→ TASK DESCRIPTION
Please return every line of the records below that contains the word "imports".

Entries taken from a collection:
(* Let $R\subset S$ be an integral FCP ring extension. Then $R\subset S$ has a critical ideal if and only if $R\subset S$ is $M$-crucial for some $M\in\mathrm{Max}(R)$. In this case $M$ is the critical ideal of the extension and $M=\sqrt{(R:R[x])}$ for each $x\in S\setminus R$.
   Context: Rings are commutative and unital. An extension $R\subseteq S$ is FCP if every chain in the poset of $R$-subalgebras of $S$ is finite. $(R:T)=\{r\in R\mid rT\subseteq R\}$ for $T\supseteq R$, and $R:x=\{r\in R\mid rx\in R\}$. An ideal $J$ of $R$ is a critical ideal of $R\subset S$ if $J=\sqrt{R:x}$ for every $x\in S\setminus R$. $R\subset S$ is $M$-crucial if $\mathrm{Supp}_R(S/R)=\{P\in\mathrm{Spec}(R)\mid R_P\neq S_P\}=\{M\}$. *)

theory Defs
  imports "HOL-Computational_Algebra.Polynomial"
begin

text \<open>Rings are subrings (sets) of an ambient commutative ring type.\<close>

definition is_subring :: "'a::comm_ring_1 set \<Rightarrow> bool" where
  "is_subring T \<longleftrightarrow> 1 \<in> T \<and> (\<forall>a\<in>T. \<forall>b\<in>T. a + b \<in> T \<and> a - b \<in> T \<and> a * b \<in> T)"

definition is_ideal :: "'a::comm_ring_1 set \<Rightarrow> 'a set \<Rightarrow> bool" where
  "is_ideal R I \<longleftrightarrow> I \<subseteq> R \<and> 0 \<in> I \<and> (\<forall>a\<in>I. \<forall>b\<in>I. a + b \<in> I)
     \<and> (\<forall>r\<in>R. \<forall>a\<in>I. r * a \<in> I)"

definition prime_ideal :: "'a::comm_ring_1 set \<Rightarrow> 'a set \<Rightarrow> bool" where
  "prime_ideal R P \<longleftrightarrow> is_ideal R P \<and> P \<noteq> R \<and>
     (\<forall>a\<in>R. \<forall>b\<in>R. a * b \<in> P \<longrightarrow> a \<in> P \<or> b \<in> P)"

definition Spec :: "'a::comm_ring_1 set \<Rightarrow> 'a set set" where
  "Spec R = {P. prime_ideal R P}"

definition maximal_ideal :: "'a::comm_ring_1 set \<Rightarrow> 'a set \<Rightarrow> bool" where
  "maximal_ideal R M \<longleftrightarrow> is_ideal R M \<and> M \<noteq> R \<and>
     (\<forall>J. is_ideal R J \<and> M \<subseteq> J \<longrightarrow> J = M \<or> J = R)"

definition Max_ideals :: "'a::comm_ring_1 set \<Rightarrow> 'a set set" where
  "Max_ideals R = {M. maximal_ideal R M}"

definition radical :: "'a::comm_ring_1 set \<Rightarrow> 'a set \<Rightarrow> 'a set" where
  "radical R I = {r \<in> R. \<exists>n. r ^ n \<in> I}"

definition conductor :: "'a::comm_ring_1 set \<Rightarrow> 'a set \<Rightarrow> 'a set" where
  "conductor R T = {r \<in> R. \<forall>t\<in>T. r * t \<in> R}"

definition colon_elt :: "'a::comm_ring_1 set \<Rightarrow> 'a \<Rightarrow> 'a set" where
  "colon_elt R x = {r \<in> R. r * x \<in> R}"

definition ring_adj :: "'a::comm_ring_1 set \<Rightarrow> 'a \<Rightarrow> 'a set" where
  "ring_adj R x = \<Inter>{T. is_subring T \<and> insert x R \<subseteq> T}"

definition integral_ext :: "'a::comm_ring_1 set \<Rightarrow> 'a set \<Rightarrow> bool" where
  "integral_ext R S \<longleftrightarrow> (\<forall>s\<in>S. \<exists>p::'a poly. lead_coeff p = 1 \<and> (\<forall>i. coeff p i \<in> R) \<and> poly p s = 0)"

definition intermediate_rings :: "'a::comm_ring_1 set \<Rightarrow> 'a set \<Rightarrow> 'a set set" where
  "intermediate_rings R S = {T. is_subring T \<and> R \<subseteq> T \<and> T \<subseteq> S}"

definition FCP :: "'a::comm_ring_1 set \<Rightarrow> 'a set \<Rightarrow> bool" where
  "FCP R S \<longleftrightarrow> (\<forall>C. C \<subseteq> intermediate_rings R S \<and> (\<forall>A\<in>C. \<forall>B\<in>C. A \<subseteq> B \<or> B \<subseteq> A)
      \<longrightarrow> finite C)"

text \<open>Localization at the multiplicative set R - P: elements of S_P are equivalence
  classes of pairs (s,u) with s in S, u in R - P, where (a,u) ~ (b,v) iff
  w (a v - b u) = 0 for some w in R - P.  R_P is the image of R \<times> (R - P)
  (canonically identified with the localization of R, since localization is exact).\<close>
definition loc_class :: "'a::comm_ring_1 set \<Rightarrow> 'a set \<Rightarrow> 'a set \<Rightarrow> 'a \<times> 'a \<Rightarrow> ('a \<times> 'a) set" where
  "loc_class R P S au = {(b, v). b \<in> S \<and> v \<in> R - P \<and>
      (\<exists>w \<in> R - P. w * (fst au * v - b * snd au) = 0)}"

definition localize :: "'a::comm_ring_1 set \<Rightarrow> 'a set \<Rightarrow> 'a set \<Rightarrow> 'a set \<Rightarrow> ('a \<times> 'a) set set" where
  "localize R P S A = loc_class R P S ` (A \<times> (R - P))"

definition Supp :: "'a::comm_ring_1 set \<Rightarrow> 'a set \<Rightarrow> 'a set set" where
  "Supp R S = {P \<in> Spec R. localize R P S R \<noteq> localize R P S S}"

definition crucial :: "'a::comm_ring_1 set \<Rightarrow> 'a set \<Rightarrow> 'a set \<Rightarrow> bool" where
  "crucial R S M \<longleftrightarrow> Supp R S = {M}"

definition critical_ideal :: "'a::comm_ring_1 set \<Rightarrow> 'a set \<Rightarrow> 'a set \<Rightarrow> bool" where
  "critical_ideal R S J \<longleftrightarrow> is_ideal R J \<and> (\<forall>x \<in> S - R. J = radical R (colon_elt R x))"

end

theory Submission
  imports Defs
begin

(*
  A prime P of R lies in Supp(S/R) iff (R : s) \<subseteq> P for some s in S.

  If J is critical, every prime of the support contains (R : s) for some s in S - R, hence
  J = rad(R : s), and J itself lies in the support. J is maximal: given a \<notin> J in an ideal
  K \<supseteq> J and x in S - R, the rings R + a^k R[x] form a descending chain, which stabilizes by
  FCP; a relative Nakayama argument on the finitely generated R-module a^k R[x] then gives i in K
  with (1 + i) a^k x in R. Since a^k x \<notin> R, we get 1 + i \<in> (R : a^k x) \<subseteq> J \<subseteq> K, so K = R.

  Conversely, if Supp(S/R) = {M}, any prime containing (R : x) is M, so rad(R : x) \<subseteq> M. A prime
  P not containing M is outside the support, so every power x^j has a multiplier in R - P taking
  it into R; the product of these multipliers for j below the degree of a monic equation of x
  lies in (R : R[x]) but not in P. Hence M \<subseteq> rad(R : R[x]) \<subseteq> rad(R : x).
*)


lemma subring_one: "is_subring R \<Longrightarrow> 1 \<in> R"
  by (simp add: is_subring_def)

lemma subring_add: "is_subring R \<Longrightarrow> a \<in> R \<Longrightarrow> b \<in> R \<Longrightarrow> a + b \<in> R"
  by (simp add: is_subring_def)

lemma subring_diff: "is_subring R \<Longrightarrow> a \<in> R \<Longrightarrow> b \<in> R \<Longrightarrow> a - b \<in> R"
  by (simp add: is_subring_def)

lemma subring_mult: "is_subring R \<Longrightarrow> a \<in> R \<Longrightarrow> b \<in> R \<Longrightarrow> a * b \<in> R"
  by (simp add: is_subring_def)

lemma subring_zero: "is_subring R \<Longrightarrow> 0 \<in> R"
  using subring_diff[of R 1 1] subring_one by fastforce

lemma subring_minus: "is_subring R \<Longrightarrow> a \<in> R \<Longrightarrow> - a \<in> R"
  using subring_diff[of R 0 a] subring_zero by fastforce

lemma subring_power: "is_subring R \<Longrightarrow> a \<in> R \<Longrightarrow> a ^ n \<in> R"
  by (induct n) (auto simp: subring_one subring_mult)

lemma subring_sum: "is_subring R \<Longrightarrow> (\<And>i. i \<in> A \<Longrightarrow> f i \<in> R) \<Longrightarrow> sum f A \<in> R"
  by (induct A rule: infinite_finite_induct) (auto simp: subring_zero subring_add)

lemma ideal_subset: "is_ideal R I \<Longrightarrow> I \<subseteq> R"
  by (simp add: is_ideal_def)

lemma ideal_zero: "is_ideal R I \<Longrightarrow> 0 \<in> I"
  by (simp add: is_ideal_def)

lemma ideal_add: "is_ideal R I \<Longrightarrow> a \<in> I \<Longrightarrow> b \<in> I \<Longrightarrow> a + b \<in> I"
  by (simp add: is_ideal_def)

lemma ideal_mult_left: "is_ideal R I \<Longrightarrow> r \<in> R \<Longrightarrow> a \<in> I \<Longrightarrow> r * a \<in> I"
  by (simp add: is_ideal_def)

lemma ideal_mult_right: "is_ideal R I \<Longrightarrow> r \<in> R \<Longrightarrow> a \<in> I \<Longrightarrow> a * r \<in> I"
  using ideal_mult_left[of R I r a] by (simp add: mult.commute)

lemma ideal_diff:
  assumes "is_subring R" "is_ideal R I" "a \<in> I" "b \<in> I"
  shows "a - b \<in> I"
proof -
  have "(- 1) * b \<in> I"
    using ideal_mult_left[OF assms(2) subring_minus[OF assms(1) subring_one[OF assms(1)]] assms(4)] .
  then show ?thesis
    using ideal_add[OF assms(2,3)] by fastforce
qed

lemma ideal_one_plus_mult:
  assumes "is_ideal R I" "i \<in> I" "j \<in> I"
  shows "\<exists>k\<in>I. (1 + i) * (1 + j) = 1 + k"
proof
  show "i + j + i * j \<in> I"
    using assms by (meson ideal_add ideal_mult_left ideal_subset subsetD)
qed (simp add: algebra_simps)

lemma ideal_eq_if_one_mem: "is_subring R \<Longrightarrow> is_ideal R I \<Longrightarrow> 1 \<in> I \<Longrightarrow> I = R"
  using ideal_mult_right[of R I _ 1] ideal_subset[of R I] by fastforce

* * *

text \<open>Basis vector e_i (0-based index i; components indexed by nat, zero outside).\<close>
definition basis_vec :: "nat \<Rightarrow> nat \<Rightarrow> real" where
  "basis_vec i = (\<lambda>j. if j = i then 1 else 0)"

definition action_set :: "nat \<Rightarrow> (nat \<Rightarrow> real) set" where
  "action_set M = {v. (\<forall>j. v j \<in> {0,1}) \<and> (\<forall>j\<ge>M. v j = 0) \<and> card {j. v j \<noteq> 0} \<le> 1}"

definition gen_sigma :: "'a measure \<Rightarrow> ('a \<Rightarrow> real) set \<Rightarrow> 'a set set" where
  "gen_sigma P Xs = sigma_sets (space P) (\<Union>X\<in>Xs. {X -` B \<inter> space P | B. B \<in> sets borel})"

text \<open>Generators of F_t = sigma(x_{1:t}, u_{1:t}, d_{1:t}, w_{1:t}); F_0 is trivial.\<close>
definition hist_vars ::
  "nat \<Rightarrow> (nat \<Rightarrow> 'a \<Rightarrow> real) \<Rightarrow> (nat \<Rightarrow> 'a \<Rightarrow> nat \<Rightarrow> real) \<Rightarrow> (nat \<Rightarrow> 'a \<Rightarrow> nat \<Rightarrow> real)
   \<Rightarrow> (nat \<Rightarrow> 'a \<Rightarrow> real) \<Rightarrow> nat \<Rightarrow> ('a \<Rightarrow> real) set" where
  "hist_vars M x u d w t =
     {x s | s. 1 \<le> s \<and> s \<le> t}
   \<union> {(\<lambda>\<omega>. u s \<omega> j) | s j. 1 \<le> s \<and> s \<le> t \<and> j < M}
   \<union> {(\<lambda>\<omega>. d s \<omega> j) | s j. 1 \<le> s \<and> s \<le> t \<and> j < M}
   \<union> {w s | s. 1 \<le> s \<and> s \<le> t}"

---

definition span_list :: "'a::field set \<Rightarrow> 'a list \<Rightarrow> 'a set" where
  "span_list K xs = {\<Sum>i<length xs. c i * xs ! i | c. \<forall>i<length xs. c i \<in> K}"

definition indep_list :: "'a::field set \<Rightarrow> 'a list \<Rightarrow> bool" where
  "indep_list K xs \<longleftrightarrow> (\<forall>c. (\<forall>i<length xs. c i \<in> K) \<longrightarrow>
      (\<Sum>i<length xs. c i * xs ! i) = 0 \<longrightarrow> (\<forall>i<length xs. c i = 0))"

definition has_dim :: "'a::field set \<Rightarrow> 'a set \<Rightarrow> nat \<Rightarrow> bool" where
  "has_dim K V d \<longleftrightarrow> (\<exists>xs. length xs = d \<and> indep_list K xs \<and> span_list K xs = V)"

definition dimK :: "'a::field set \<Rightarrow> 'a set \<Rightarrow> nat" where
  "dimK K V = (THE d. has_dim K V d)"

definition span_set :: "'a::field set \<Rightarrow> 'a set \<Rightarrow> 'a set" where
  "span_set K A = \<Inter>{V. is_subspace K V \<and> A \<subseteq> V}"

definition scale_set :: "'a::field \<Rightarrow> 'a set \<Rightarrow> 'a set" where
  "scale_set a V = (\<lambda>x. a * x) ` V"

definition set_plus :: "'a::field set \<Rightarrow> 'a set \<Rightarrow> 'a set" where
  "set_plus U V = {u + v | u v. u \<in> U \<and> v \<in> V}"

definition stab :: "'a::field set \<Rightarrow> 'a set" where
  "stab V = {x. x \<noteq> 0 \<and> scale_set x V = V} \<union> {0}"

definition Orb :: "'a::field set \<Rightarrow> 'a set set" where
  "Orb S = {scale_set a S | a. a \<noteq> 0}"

→ PROBLEM SOLUTION
  imports "HOL-Computational_Algebra.Polynomial"
  imports Defs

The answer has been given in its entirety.